I use to have fairly large bon fires with my buddies. Now it just mostly regular bon fires with the kids and wife in the bark yard.
both have great memories.
chuck


----------



## PapaDave (May 22, 2012)

Nice.
I've wanted to have a pit fire since before the snow melt. It's either been too wet, or it's raining, or it's too windy, or like it's been for at least 2 weeks......too dry.
When's baby bear gonna' show up so I can have conditions that are 'just right"?
The buildup in the pit is really getting a bit crazy.

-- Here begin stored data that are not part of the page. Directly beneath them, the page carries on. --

lemma prox_minimizes:
  fixes phi :: "real^'n \<Rightarrow> real" and L :: "real^'n^'n"
  assumes cv: "convex_on UNIV phi" and pd: "\<And>v. v \<noteq> 0 \<Longrightarrow> 0 < v \<bullet> (L *v v)"
  shows "phi (prox L phi z) + (1/2) * ((prox L phi z - z) \<bullet> (L *v (prox L phi z - z)))
    \<le> phi w + (1/2) * ((w - z) \<bullet> (L *v (w - z)))"
proof -
  define H where "H w = phi w + (1/2) * ((w - z) \<bullet> (L *v (w - z)))" for w
  obtain R where R: "\<And>w. R < norm (w - z) \<Longrightarrow> H z \<le> H w"
    using prox_objective_coercive[OF cv pd, of z] unfolding H_def by auto
  have "continuous_on UNIV phi"
    by (rule convex_on_continuous[OF open_UNIV cv])
  then have "continuous_on UNIV H"
    unfolding H_def
    by (intro continuous_intros continuous_on_compose2[OF continuous_on_quadratic_form]) auto
  moreover have "cball z (max 0 R) \<noteq> {}"
    by simp
  ultimately obtain p where p: "\<And>w. w \<in> cball z (max 0 R) \<Longrightarrow> H p \<le> H w"
    using continuous_attains_inf[OF compact_cball _ continuous_on_subset[OF _ subset_UNIV]] by blast
  have "H p \<le> H w" for w
  proof (cases "w \<in> cball z (max 0 R)")
    case False
    then have "H z \<le> H w"
      by (intro R) (simp add: dist_norm norm_minus_commute)
    moreover have "H p \<le> H z"
      by (intro p) simp
    ultimately show ?thesis by simp
  qed (rule p)
  then have "\<exists>p. \<forall>w. H p \<le> H w"
    by blast
  from someI_ex[OF this] show ?thesis
    unfolding prox_def H_def by blast
qed

lemma prox_objective_first_order:
  fixes phi :: "real^'n \<Rightarrow> real" and L :: "real^'n^'n"
  assumes cv: "convex_on UNIV phi"
    and min: "\<And>w. phi p + (1/2) * ((p - z) \<bullet> (L *v (p - z)))
                   \<le> phi w + (1/2) * ((w - z) \<bullet> (L *v (w - z)))"
  shows "0 \<le> phi w - phi p + (1/2) * ((p - z) \<bullet> (L *v (w - p)) + (w - p) \<bullet> (L *v (p - z)))"
proof -
  define X where
    "X = phi w - phi p + (1/2) * ((p - z) \<bullet> (L *v (w - p)) + (w - p) \<bullet> (L *v (p - z)))"
  define K where "K = (1/2) * ((w - p) \<bullet> (L *v (w - p)))"
  have "0 \<le> X + t * K" if "0 < t" "t < 1" for t
  proof -
    have "phi (p + t *\<^sub>R (w - p)) \<le> (1 - t) * phi p + t * phi w"
      using convex_onD[OF cv, of t p w] that by (simp add: algebra_simps)
    moreover have "phi p + (1/2) * ((p - z) \<bullet> (L *v (p - z)))
        \<le> phi (p + t *\<^sub>R (w - p))
          + (1/2) * (((p - z) + t *\<^sub>R (w - p)) \<bullet> (L *v ((p - z) + t *\<^sub>R (w - p))))"
      using min[of "p + t *\<^sub>R (w - p)"] by (simp add: algebra_simps)
    ultimately have "0 \<le> t * X + t * (t * K)"
      unfolding X_def K_def quadratic_form_add_scaleR by (simp add: power2_eq_square algebra_simps)
    with \<open>0 < t\<close> show ?thesis
      by (simp add: zero_le_mult_iff flip: distrib_left)
  qed
  then have "\<forall>\<^sub>F t in at_right 0. 0 \<le> X + t * K"
    using eventually_at_right_real[of 0 1] by (auto elim: eventually_mono)
  moreover have "((\<lambda>t. X + t * K) \<longlongrightarrow> X) (at_right 0)"
    by (auto intro!: tendsto_eq_intros)
  ultimately show ?thesis
    unfolding X_def by (intro tendsto_lowerbound) auto
qed

lemma lipschitz_prox:
  fixes phi :: "real^'n \<Rightarrow> real" and L :: "real^'n^'n"
  assumes cv: "convex_on UNIV phi" and pd: "\<And>v. v \<noteq> 0 \<Longrightarrow> 0 < v \<bullet> (L *v v)"
  obtains K where "K-lipschitz_on UNIV (prox L phi)"
proof -
  obtain lam where lam: "0 < lam" "\<And>v. lam * (norm v)\<^sup>2 \<le> v \<bullet> (L *v v)"
    using pos_def_quadratic_form_ge[OF pd] by blast
  obtain C where "0 < C" and C: "\<And>a b. \<bar>a \<bullet> (L *v b)\<bar> \<le> norm a * norm b * C"
    using bounded_bilinear.pos_bounded[OF bounded_bilinear.comp[OF bounded_bilinear_inner
          bounded_linear_ident matrix_vector_mul_bounded_linear[of L]]] by auto
  have "norm (prox L phi z1 - prox L phi z2) \<le> C / lam * norm (z1 - z2)" for z1 z2
  proof -
    define p1 p2 where "p1 = prox L phi z1" and "p2 = prox L phi z2"
    define v e where "v = p1 - p2" and "e = z1 - z2"
    have "0 \<le> phi p2 - phi p1
        + (1/2) * ((p1 - z1) \<bullet> (L *v (p2 - p1)) + (p2 - p1) \<bullet> (L *v (p1 - z1)))"
      unfolding p1_def by (rule prox_objective_first_order[OF cv prox_minimizes[OF cv pd]])
    moreover have "0 \<le> phi p1 - phi p2
        + (1/2) * ((p2 - z2) \<bullet> (L *v (p1 - p2)) + (p1 - p2) \<bullet> (L *v (p2 - z2)))"
      unfolding p2_def by (rule prox_objective_first_order[OF cv prox_minimizes[OF cv pd]])
    ultimately have "2 * (v \<bullet> (L *v v)) \<le> e \<bullet> (L *v v) + v \<bullet> (L *v e)"
      unfolding v_def e_def
      by (simp add: inner_diff_left inner_diff_right matrix_vector_mult_diff_distrib algebra_simps)
    also have "\<dots> \<le> 2 * (C * norm e * norm v)"
      using C[of e v] C[of v e] by (simp add: abs_le_iff algebra_simps)
    finally have "norm v * (lam * norm v) \<le> norm v * (C * norm e)"
      using lam(2)[of v] by (simp add: power2_eq_square algebra_simps)
    then have "lam * norm v \<le> C * norm e"
      by (cases "v = 0") (use \<open>0 < C\<close> in auto)
    with lam(1) show ?thesis
      unfolding v_def e_def p1_def p2_def by (simp add: pos_le_divide_eq mult.commute)
  qed
  with \<open>0 < C\<close> lam(1) show ?thesis
    by (intro that[of "C / lam"] lipschitz_onI) (auto simp: dist_norm)
qed

lemma continuous_on_F_nat:
  fixes f phi :: "real^'n \<Rightarrow> real" and L :: "real^'n^'n"
  assumes "continuous_on UNIV (grad f)" "convex_on UNIV phi" "\<And>v. v \<noteq> 0 \<Longrightarrow> 0 < v \<bullet> (L *v v)"
  shows "continuous_on UNIV (F_nat L f phi)"
proof -
  obtain K where "K-lipschitz_on UNIV (prox L phi)"
    using lipschitz_prox[OF assms(2,3)] .
  then have prox: "continuous_on UNIV (prox L phi)"
    by (rule lipschitz_on_continuous_on)
  show ?thesis
    unfolding F_nat_def[abs_def]
    by (intro continuous_intros continuous_on_compose2[OF prox] assms(1)
        bounded_linear.continuous_on[OF matrix_vector_mul_bounded_linear]) auto
qed

lemma locally_bounded_away_if_continuous:
  assumes "continuous_on UNIV g"
  shows "locally_bounded_away g"
proof (rule locally_bounded_awayI)
  fix x
  assume "g x \<noteq> 0"
  have "\<forall>\<^sub>F y in nhds x. norm (g x) / 2 < norm (g y)"
    by (rule order_tendstoD[OF tendsto_norm[OF continuous_on_UNIV_tendsto_nhds[OF assms]]])
      (use \<open>g x \<noteq> 0\<close> in simp)
  with \<open>g x \<noteq> 0\<close> show "\<exists>\<epsilon>>0. \<forall>\<^sub>F y in nhds x. \<epsilon> \<le> norm (g y)"
    by (intro exI[of _ "norm (g x) / 2"]) (auto elim: eventually_mono)
qed

theorem lemma4p2:
  fixes f phi :: "real^'n \<Rightarrow> real" and L :: "real^'n^'n"
  assumes f_diff: "\<forall>x. f differentiable (at x)"
    and f_C1: "continuous_on UNIV (grad f)"
    and phi_convex: "convex_on UNIV phi"
    and L_sym: "transpose L = L"
    and L_pd: "\<forall>v. v \<noteq> 0 \<longrightarrow> v \<bullet> (L *v v) > 0"
  shows "locally_bounded_away
           (\<lambda>x. dir_deriv (\<lambda>y. f y + phi y) x (steepest_dir f phi x) *\<^sub>R steepest_dir f phi x)
       \<and> locally_bounded_away (F_nat L f phi)"
proof
  show "locally_bounded_away
      (\<lambda>x. dir_deriv (\<lambda>y. f y + phi y) x (steepest_dir f phi x) *\<^sub>R steepest_dir f phi x)"
    using locally_bounded_away_steepest_descent[OF _ f_C1 phi_convex] f_diff by blast
  show "locally_bounded_away (F_nat L f phi)"
    using locally_bounded_away_if_continuous[OF continuous_on_F_nat[OF f_C1 phi_convex]] L_pd by blast
qed

end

I WANT fire!


----------



## Adios Pantalones (May 22, 2012)

Looks like you melted the wheel on that thing- that's some heat!


----------



## ScotO (May 22, 2012)

Posts in another thread but here's our pit.  We do several fires a week throughout the summer.  Nothing like a fire out back!


----------



## xman23 (May 22, 2012)

Adios Pantalones said:


> Looks like you melted the wheel on that thing- that's some heat!


 Yep the wheels have taken some heat.  This pit used to have a propane bottle hanging off the bottom for starting the fire. Worked great.  A bit scarry knowing the kind of fires we have. I glad it broke off. Can't wait for the summer, sittin around the fire sipping on a bottle of red. It dosen't get any better


----------



## save$ (May 22, 2012)

We used to only hava a fire while camping.  Then these back yard fire pits came along. Now enjoy a back yard fire during the day at home.  Nice use of tree trimmings and brush clean up.  We have two acres of a mostly wooded lot so there is no shortage of stuff to burn.   That is about the only time the wife doesn't demand the tv be on!


----------



## smoke show (May 22, 2012)

xman23 said:


> Im sure you guys have some better burns, lets see the pictures.


 






misc fire pics from camping to land clean up.


----------



## Gasifier (May 23, 2012)

Nice fires.Don't you guys get enough of this during the winter?

I have a nice size one ready. This Saturday night I think. The kids have been hounding me about a bon fire. Smores on the mind.


----------



## ScotO (May 23, 2012)

Gasifier said:


> Nice fires.Don't you guys get enough of this during the winter?
> 
> I have a nice size one ready. This Saturday night I think. The kids have been hounding me about a bon fire. Smores on the mind.


I NEVER get tired of fire!!


----------



## Gasifier (May 23, 2012)

Scotty Overkill said:


> I NEVER get tired of fire!!


 I hear ya Scotty. Well, at least it is good to see Tom has that fire "contained"!


----------